The Company has historically financed its
operations primarily through cash flow from operations and equity
and debt financings. The Company has also provided for its
cash needs by issuing Common Stock, options and warrants for
certain operating costs, including consulting and professional
fees. The Company currently anticipates that cash derived
from operations and existing cash resources, along with available
borrowings under the new Line of Credit, will be sufficient to
provide for the Company’s liquidity for the next twelve
months.
The
Company is dependent on cash flow from operations and amounts
available under the Line of Credit to satisfy its working capital
requirements. No assurances can be given that cash flow from
operations and/or the Line of Credit will be sufficient to provide
for the Company’s liquidity for the next twelve months.

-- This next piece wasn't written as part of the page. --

(* Let $(\mathfrak g,[-,-]_{\mathfrak g})$ be a Lie algebra, $(\rho,V)$ a representation of it, and $T:V\to\mathfrak g$ an anti-$\mathcal O$-operator of $(\mathfrak g,[-,-]_{\mathfrak g})$ associated to $(\rho,V)$. Define $\circ:V\otimes V\to V$ by $u\circ v=-\rho(T(u))v$. Then $(V,\circ)$ satisfies $u\circ(v\circ w)-v\circ(u\circ w)=[v,u]\circ w$ for all $u,v,w\in V$, where $[u,v]=u\circ v-v\circ u$. Moreover, $(V,\circ)$ is an anti-pre-Lie algebra (in particular Lie-admissible) if and only if $T$ is strong. In this case, $T$ is a homomorphism of Lie algebras from $(V,[-,-])$ to $(\mathfrak g,[-,-]_{\mathfrak g})$; furthermore, $T(u)\circ_{\mathfrak g}T(v)=T(u\circ v)$ ($u,v\in V$) defines an anti-pre-Lie algebra structure on $T(V)\subset\mathfrak g$, and $T$ is a homomorphism of anti-pre-Lie algebras from $(V,\circ)$ to $(T(V),\circ_{\mathfrak g})$.
   Context: All vector spaces are finite-dimensional over a field $\mathbb F$ of characteristic $0$. An anti-pre-Lie algebra is a vector space $A$ with a bilinear operation $\circ$ such that, writing $[x,y]=x\circ y-y\circ x$, for all $x,y,z\in A$: (i) $x\circ(y\circ z)-y\circ(x\circ z)=[y,x]\circ z$, and (ii) $[x,y]\circ z+[y,z]\circ x+[z,x]\circ y=0$. A linear map $T:V\to\mathfrak g$ is an anti-$\mathcal O$-operator associated to a representation $(\rho,V)$ if $[T(u),T(v)]_{\mathfrak g}=T(\rho(T(v))u-\rho(T(u))v)$ for all $u,v\in V$; it is strong if moreover $\rho([T(u),T(v)]_{\mathfrak g})w+\rho([T(v),T(w)]_{\mathfrak g})u+\rho([T(w),T(u)]_{\mathfrak g})v=0$ for all $u,v,w\in V$. *)

theory Defs
  imports Complex_Main
begin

Should the Company be unable to generate sufficient revenue in the
future to achieve positive cash flow from operations, and/or should
capital be unavailable under the terms of the Line of Credit,
additional working capital will be required. Management currently
has no intention to raise additional working capital through the
sale of equity or debt securities and believes that the cash flow
from operations and available borrowings under the Line of Credit
will provide sufficient capital necessary to operate the business
over the next twelve months. In the event the Company fails to
achieve positive cash flow from operations, additional capital is
unavailable under the terms of the Line of Credit, and management
is otherwise unable to secure additional working capital through
the issuance of equity or debt securities, the Company’s
business would be materially and adversely
harmed.
Cash Provided by (Used in)
Operations. Our cash
provided by (used in) operating activities for the nine months
ended September 30, 2019 was $1,724,000, as compared to $(318,000)
for the nine months ended September 30, 2018.
Cash Provided by Investing
Activities. Cash
provided by investing activities for the nine months ended
September 30, 2019 was $0, as compared to $4,000 provided by
investing activities for the nine months ended September 30,
2018.
Cash Used in Financing
Activities. Cash used in
financing activities for the nine months ended September 30,
2019 was $(1,426,000) as compared to cash used in financing
activities of $(415,000) during the nine months ended September 30,
2018.
Critical Accounting Policies and Estimates
Our
discussion and analysis of financial condition and results of
operations is based upon our consolidated financial statements,
which have been prepared in accordance with accounting principles
generally accepted in the United States of America. The preparation
of these consolidated financial statements and related disclosures
requires us to make estimates and judgments that affect the
reported amounts of assets, liabilities, expense, and related
disclosure of contingent assets and liabilities. We evaluate, on an
on-going basis, our estimates and judgments, including those
related to the useful life of the assets. We base our estimates on
historical experience and assumptions that we believe to be
reasonable under the circumstances, the results of which form the
basis for making judgments about the carrying values of assets and
liabilities that are not readily apparent from other sources.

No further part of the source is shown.